definition nonneg_vec :: "real^'n \<Rightarrow> bool" where
  "nonneg_vec b \<longleftrightarrow> (\<forall>i. 0 \<le> b $ i)"

text \<open>Completely positive cone: A = B B^T with B entrywise nonnegative,
  i.e. A is a finite sum of b b^T over the (nonnegative) columns b of B.\<close>
definition CP_cone :: "(real^'n^'n) set" where
  "CP_cone = {A. \<exists>(k::nat) (bs :: nat \<Rightarrow> real^'n).
      (\<forall>i<k. nonneg_vec (bs i)) \<and> A = (\<Sum>i<k. outer (bs i))}"

text \<open>A CP representation, taken up to order of summands (hence a set of
  vectors), with pairwise linearly independent nonnegative vectors.\<close>
definition is_CP_rep :: "real^'n^'n \<Rightarrow> (real^'n) set \<Rightarrow> bool" where
  "is_CP_rep A S \<longleftrightarrow> finite S \<and> (\<forall>b\<in>S. nonneg_vec b)
     \<and> (\<forall>b\<in>S. \<forall>c\<in>S. b \<noteq> c \<longrightarrow> independent {b, c})
     \<and> A = (\<Sum>b\<in>S. outer b)"

definition cone_face :: "'a::real_vector set \<Rightarrow> 'a set \<Rightarrow> bool" where
  "cone_face F K \<longleftrightarrow> F \<subseteq> K \<and> convex_cone F \<and>
     (\<forall>X\<in>K. \<forall>Y\<in>K. X + Y \<in> F \<longrightarrow> X \<in> F \<and> Y \<in> F)"

definition minimal_face :: "'a::real_vector set \<Rightarrow> 'a \<Rightarrow> 'a set" where
  "minimal_face K A = \<Inter>{F. cone_face F K \<and> A \<in> F}"

definition cone_gen :: "'a::real_vector set \<Rightarrow> 'a set" where
  "cone_gen T = {x. \<exists>U c. finite U \<and> U \<subseteq> T \<and> (\<forall>u\<in>U. 0 \<le> c u)
      \<and> x = (\<Sum>u\<in>U. c u *\<^sub>R u)}"

end

theory Submission
  imports Defs
begin

text \<open>
  If \<open>X, Y\<close> are CP and \<open>X + Y = \<Sum> d\<^sub>b b b\<^sup>T\<close> with \<open>b \<in> S\<close>, then \<open>A - X/m\<close> is CP for
  \<open>m \<ge> max d\<^sub>b\<close>. Any CP matrix below \<open>A\<close> lies in \<open>cone {b b\<^sup>T}\<close>: for each column \<open>x\<close> of
  it, adding up \<open>x x\<^sup>T\<close> and a CP factorization of \<open>A - x x\<^sup>T\<close> one summand at a time, and merging
  summands on a common ray into a single vector, yields a CP representation of \<open>A\<close> with
  \<open>x\<close> on one of its rays. By uniqueness this representation is \<open>S\<close>. So \<open>cone {b b\<^sup>T}\<close> is a
  face; it lies in every face through \<open>A\<close> because each \<open>b b\<^sup>T\<close> is a CP summand of \<open>A\<close>.
\<close>

lemma outer_scaleR: "outer (c *\<^sub>R v) = c\<^sup>2 *\<^sub>R outer v"
  by (simp add: outer_def vec_eq_iff power2_eq_square algebra_simps)

lemma outer_zero [simp]: "outer 0 = 0"
  by (simp add: outer_def vec_eq_iff)

lemma nonneg_vec_scaleR: "nonneg_vec v \<Longrightarrow> 0 \<le> c \<Longrightarrow> nonneg_vec (c *\<^sub>R v)"
  by (simp add: nonneg_vec_def)

lemma convex_cone_sum:
  assumes "convex_cone K" "\<And>i. i \<in> I \<Longrightarrow> f i \<in> K"
  shows "sum f I \<in> K"
proof (cases "finite I")
  case True
  then show ?thesis using assms(2)
    by (induction I rule: finite_induct)
       (auto intro: convex_cone_add[OF assms(1)] convex_cone_contains_0[OF assms(1)])
qed (simp add: convex_cone_contains_0[OF assms(1)])

lemma cone_gen_inc: "x \<in> T \<Longrightarrow> x \<in> cone_gen T"
  unfolding cone_gen_def by (intro CollectI exI[of _ "{x}"] exI[of _ "\<lambda>_. 1"]) simp

lemma convex_cone_cone_gen: "convex_cone (cone_gen T)"
  unfolding convex_cone_iff
proof (intro conjI ballI allI impI)
  show "0 \<in> cone_gen T"
    unfolding cone_gen_def by (intro CollectI exI[of _ "{}"]) simp
next
  fix x y assume "x \<in> cone_gen T" "y \<in> cone_gen T"
  then obtain U c V e where
    U: "finite U" "U \<subseteq> T" "\<forall>u\<in>U. 0 \<le> c u" "x = (\<Sum>u\<in>U. c u *\<^sub>R u)" and
    V: "finite V" "V \<subseteq> T" "\<forall>u\<in>V. 0 \<le> e u" "y = (\<Sum>u\<in>V. e u *\<^sub>R u)"
    unfolding cone_gen_def by auto
  define c' where "c' u = (if u \<in> U then c u else 0)" for u
  define e' where "e' u = (if u \<in> V then e u else 0)" for u
  have "(\<Sum>u\<in>U \<union> V. c' u *\<^sub>R u) = x"
    unfolding U(4) c'_def using U(1) V(1) by (intro sum.mono_neutral_cong_right) auto
  moreover have "(\<Sum>u\<in>U \<union> V. e' u *\<^sub>R u) = y"
    unfolding V(4) e'_def using U(1) V(1) by (intro sum.mono_neutral_cong_right) auto
  ultimately have "x + y = (\<Sum>u\<in>U \<union> V. (c' u + e' u) *\<^sub>R u)"
    by (simp add: scaleR_add_left sum.distrib)
  moreover have "\<forall>u\<in>U \<union> V. 0 \<le> c' u + e' u"
    using U(3) V(3) by (auto simp: c'_def e'_def)
  ultimately show "x + y \<in> cone_gen T"
    unfolding cone_gen_def using U(1,2) V(1,2)
    by (intro CollectI exI[of _ "U \<union> V"] exI[of _ "\<lambda>u. c' u + e' u"]) auto
next
  fix x and a :: real assume "x \<in> cone_gen T" "0 \<le> a"
  then obtain U c where "finite U" "U \<subseteq> T" "\<forall>u\<in>U. 0 \<le> c u" "x = (\<Sum>u\<in>U. c u *\<^sub>R u)"
    unfolding cone_gen_def by auto
  moreover have "a *\<^sub>R x = (\<Sum>u\<in>U. (a * c u) *\<^sub>R u)"
    using calculation(4) by (simp add: scaleR_sum_right)
  ultimately show "a *\<^sub>R x \<in> cone_gen T"
    unfolding cone_gen_def using \<open>0 \<le> a\<close> by (intro CollectI exI[of _ U] exI[of _ "\<lambda>u. a * c u"]) auto
qed

lemma cone_gen_subset:
  assumes "convex_cone K" "T \<subseteq> K"
  shows "cone_gen T \<subseteq> K"
  unfolding cone_gen_def
  using assms by (auto intro!: convex_cone_sum convex_cone_scaleR)

lemma cone_gen_image_finiteE:
  assumes "finite S" "x \<in> cone_gen (f ` S)"
  obtains d where "\<forall>s\<in>S. 0 \<le> d s" "x = (\<Sum>s\<in>S. d s *\<^sub>R f s)"
proof -
  obtain U c where U: "U \<subseteq> f ` S" "\<forall>u\<in>U. 0 \<le> c u" "x = (\<Sum>u\<in>U. c u *\<^sub>R u)"
    using assms(2) unfolding cone_gen_def by auto
  obtain S' where S': "S' \<subseteq> S" "U = f ` S'" "inj_on f S'"
    using U(1) subset_image_inj by metis
  define d where "d s = (if s \<in> S' then c (f s) else 0)" for s
  have "x = (\<Sum>s\<in>S'. c (f s) *\<^sub>R f s)"
    using U(3) S'(2,3) by (simp add: sum.reindex)
  also have "\<dots> = (\<Sum>s\<in>S. d s *\<^sub>R f s)"
    using S'(1) assms(1) by (intro sum.mono_neutral_cong_left) (auto simp: d_def)
  moreover have "\<forall>s\<in>S. 0 \<le> d s"
    using U(2) S'(2) by (auto simp: d_def)
  ultimately show thesis
    using that by blast
qed

lemma CP_coneE:
  fixes A :: "real^'n^'n"
  assumes "A \<in> CP_cone"
  obtains k and bs :: "nat \<Rightarrow> real^'n"
  where "\<forall>i<k. nonneg_vec (bs i)" "A = (\<Sum>i<k. outer (bs i))"
  using assms that unfolding CP_cone_def by blast

lemma CP_cone_add_outer:
  assumes "A \<in> CP_cone" "nonneg_vec v"
  shows "A + outer v \<in> CP_cone"
proof -
  obtain k :: nat and bs where "\<forall>i<k. nonneg_vec (bs i)" "A = (\<Sum>i<k. outer (bs i))"
    using assms(1) by (rule CP_coneE)
  then have "\<forall>i<Suc k. nonneg_vec ((bs(k := v)) i)"
    "A + outer v = (\<Sum>i<Suc k. outer ((bs(k := v)) i))"
    using assms(2) by auto
  then show ?thesis
    unfolding CP_cone_def by blast
qed

lemma outer_in_CP_cone: "nonneg_vec v \<Longrightarrow> outer v \<in> CP_cone"
  unfolding CP_cone_def by (intro CollectI exI[of _ 1] exI[of _ "\<lambda>_. v"]) simp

-.-.-

- REQUIRED WORK -
In the records above, find each line that mentions the string "define", then copy it.

- EXERCISE SOLUTION -
  define c' where "c' u = (if u \<in> U then c u else 0)" for u
  define e' where "e' u = (if u \<in> V then e u else 0)" for u
  define d where "d s = (if s \<in> S' then c (f s) else 0)" for s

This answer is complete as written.